Source material →

theorem theorem11:
  shows "\<exists>C::real. \<forall>(n::nat) (t::nat). n \<ge> 1 \<longrightarrow>
     real t \<le> (exp 1 - 1) / 2 * real n ^ 2 - real n powr (3/2) * ln (real n) \<longrightarrow>
     expected_LO n t \<ge> 2 * real t / (exp 1 * real n) - C"
proof (intro exI allI impI)
  fix n t :: nat
  assume n: "n \<ge> 1"
    and t: "real t \<le> (exp 1 - 1) / 2 * real n ^ 2 - real n powr (3/2) * ln (real n)"
  show "2 * real t / (exp 1 * real n) - (800 + 4 * exp 2002) \<le> expected_LO n t"
  proof (cases "400 \<le> n")
    case True
    then show ?thesis
      using expected_LO_ge_progress_minus_boundary_loss[of n t] sum_boundary_loss_bounded[OF True t] by simp
  next
    case False
    have "2 * real t / (exp 1 * real n) \<le> 2 * real n ^ 2 / (1 * real n)"
      using time_bound_le_square[OF n t] n by (intro frac_le mult_right_mono) auto
    also have "\<dots> \<le> 800"
      using False by (simp add: power2_eq_square)
    finally have "2 * real t / (exp 1 * real n) \<le> 800" .
    moreover have "0 \<le> expected_LO n t"
      unfolding expected_LO_def by (rule integral_nonneg_AE) simp
    ultimately show ?thesis
      using exp_gt_zero[of 2002] by linarith
  qed
qed

end
(* Let $\mathcal{C}=(\mathcal{T},\mathcal{I},\mathcal{R})$ be an extraction context with thresholds \textit{minsupp} and \textit{minbond}. Then $\mathcal{RCPR}=\mathcal{CRCP}\cup\mathcal{MRCP}$ is a perfect cover of $\mathcal{RCP}$: it is an exact concise representation of $\mathcal{RCP}$ and its size never exceeds that of $\mathcal{RCP}$, i.e. $|\mathcal{RCPR}|\le|\mathcal{RCP}|$ for every extraction context and all values of \textit{minsupp} and \textit{minbond}.
   Context: An extraction context is a triple $\mathcal{C}=(\mathcal{T},\mathcal{I},\mathcal{R})$ with $\mathcal{T}$ a finite set of transactions, $\mathcal{I}$ a finite set of items and $\mathcal{R}\subseteq\mathcal{T}\times\mathcal{I}$. For a pattern $I\subseteq\mathcal{I}$: $\mathit{Supp}(\wedge I)=|\{t:\forall i\in I,(t,i)\in\mathcal{R}\}|$, $\mathit{Supp}(\vee I)=|\{t:\exists i\in I,(t,i)\in\mathcal{R}\}|$, and for nonempty $I$, $\mathit{bond}(I)=\mathit{Supp}(\wedge I)/\mathit{Supp}(\vee I)$ (with $\mathit{bond}(\emptyset)=+\infty$ by convention). $\mathcal{RCP}=\{I\subseteq\mathcal{I}:\mathit{Supp}(\wedge I)<\textit{minsupp},\ \mathit{bond}(I)\ge\textit{minbond}\}$. $\mathcal{CRCP}=\{I\in\mathcal{RCP}:\forall I_1\supsetneq I,\ \mathit{bond}(I)>\mathit{bond}(I_1)\}$; $\mathcal{MRCP}=\{I\in\mathcal{RCP}:\forall I_1\subsetneq I,\ \mathit{bond}(I)<\mathit{bond}(I_1)\}$. A family $\mathcal{S}\subseteq\mathcal{RCP}$, with each $J\in\mathcal{S}$ recorded together with $\mathit{Supp}(\wedge J)$ and $\mathit{bond}(J)$, is an exact concise representation of $\mathcal{RCP}$ if, for every pattern $I\subseteq\mathcal{I}$, the recorded data alone suffice to decide whether $I\in\mathcal{RCP}$ and, when $I\in\mathcal{RCP}$, to determine exactly $\mathit{Supp}(\wedge I)$ and $\mathit{bond}(I)$. *)

theory Defs
  imports "HOL-Library.Extended_Real"
begin

definition extraction_context :: "'t set \<Rightarrow> 'i set \<Rightarrow> ('t \<times> 'i) set \<Rightarrow> bool" where
  "extraction_context T Its R \<longleftrightarrow> finite T \<and> finite Its \<and> R \<subseteq> T \<times> Its"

The problem →
All of the data above should be reproduced word for word.

Exercise response →
theorem theorem11:
  shows "\<exists>C::real. \<forall>(n::nat) (t::nat). n \<ge> 1 \<longrightarrow>
     real t \<le> (exp 1 - 1) / 2 * real n ^ 2 - real n powr (3/2) * ln (real n) \<longrightarrow>
     expected_LO n t \<ge> 2 * real t / (exp 1 * real n) - C"
proof (intro exI allI impI)
  fix n t :: nat
  assume n: "n \<ge> 1"
    and t: "real t \<le> (exp 1 - 1) / 2 * real n ^ 2 - real n powr (3/2) * ln (real n)"
  show "2 * real t / (exp 1 * real n) - (800 + 4 * exp 2002) \<le> expected_LO n t"
  proof (cases "400 \<le> n")
    case True
    then show ?thesis
      using expected_LO_ge_progress_minus_boundary_loss[of n t] sum_boundary_loss_bounded[OF True t] by simp
  next
    case False
    have "2 * real t / (exp 1 * real n) \<le> 2 * real n ^ 2 / (1 * real n)"
      using time_bound_le_square[OF n t] n by (intro frac_le mult_right_mono) auto
    also have "\<dots> \<le> 800"
      using False by (simp add: power2_eq_square)
    finally have "2 * real t / (exp 1 * real n) \<le> 800" .
    moreover have "0 \<le> expected_LO n t"
      unfolding expected_LO_def by (rule integral_nonneg_AE) simp
    ultimately show ?thesis
      using exp_gt_zero[of 2002] by linarith
  qed
qed

end
(* Let $\mathcal{C}=(\mathcal{T},\mathcal{I},\mathcal{R})$ be an extraction context with thresholds \textit{minsupp} and \textit{minbond}. Then $\mathcal{RCPR}=\mathcal{CRCP}\cup\mathcal{MRCP}$ is a perfect cover of $\mathcal{RCP}$: it is an exact concise representation of $\mathcal{RCP}$ and its size never exceeds that of $\mathcal{RCP}$, i.e. $|\mathcal{RCPR}|\le|\mathcal{RCP}|$ for every extraction context and all values of \textit{minsupp} and \textit{minbond}.
   Context: An extraction context is a triple $\mathcal{C}=(\mathcal{T},\mathcal{I},\mathcal{R})$ with $\mathcal{T}$ a finite set of transactions, $\mathcal{I}$ a finite set of items and $\mathcal{R}\subseteq\mathcal{T}\times\mathcal{I}$. For a pattern $I\subseteq\mathcal{I}$: $\mathit{Supp}(\wedge I)=|\{t:\forall i\in I,(t,i)\in\mathcal{R}\}|$, $\mathit{Supp}(\vee I)=|\{t:\exists i\in I,(t,i)\in\mathcal{R}\}|$, and for nonempty $I$, $\mathit{bond}(I)=\mathit{Supp}(\wedge I)/\mathit{Supp}(\vee I)$ (with $\mathit{bond}(\emptyset)=+\infty$ by convention). $\mathcal{RCP}=\{I\subseteq\mathcal{I}:\mathit{Supp}(\wedge I)<\textit{minsupp},\ \mathit{bond}(I)\ge\textit{minbond}\}$. $\mathcal{CRCP}=\{I\in\mathcal{RCP}:\forall I_1\supsetneq I,\ \mathit{bond}(I)>\mathit{bond}(I_1)\}$; $\mathcal{MRCP}=\{I\in\mathcal{RCP}:\forall I_1\subsetneq I,\ \mathit{bond}(I)<\mathit{bond}(I_1)\}$. A family $\mathcal{S}\subseteq\mathcal{RCP}$, with each $J\in\mathcal{S}$ recorded together with $\mathit{Supp}(\wedge J)$ and $\mathit{bond}(J)$, is an exact concise representation of $\mathcal{RCP}$ if, for every pattern $I\subseteq\mathcal{I}$, the recorded data alone suffice to decide whether $I\in\mathcal{RCP}$ and, when $I\in\mathcal{RCP}$, to determine exactly $\mathit{Supp}(\wedge I)$ and $\mathit{bond}(I)$. *)

theory Defs
  imports "HOL-Library.Extended_Real"
begin

definition extraction_context :: "'t set \<Rightarrow> 'i set \<Rightarrow> ('t \<times> 'i) set \<Rightarrow> bool" where
  "extraction_context T Its R \<longleftrightarrow> finite T \<and> finite Its \<and> R \<subseteq> T \<times> Its"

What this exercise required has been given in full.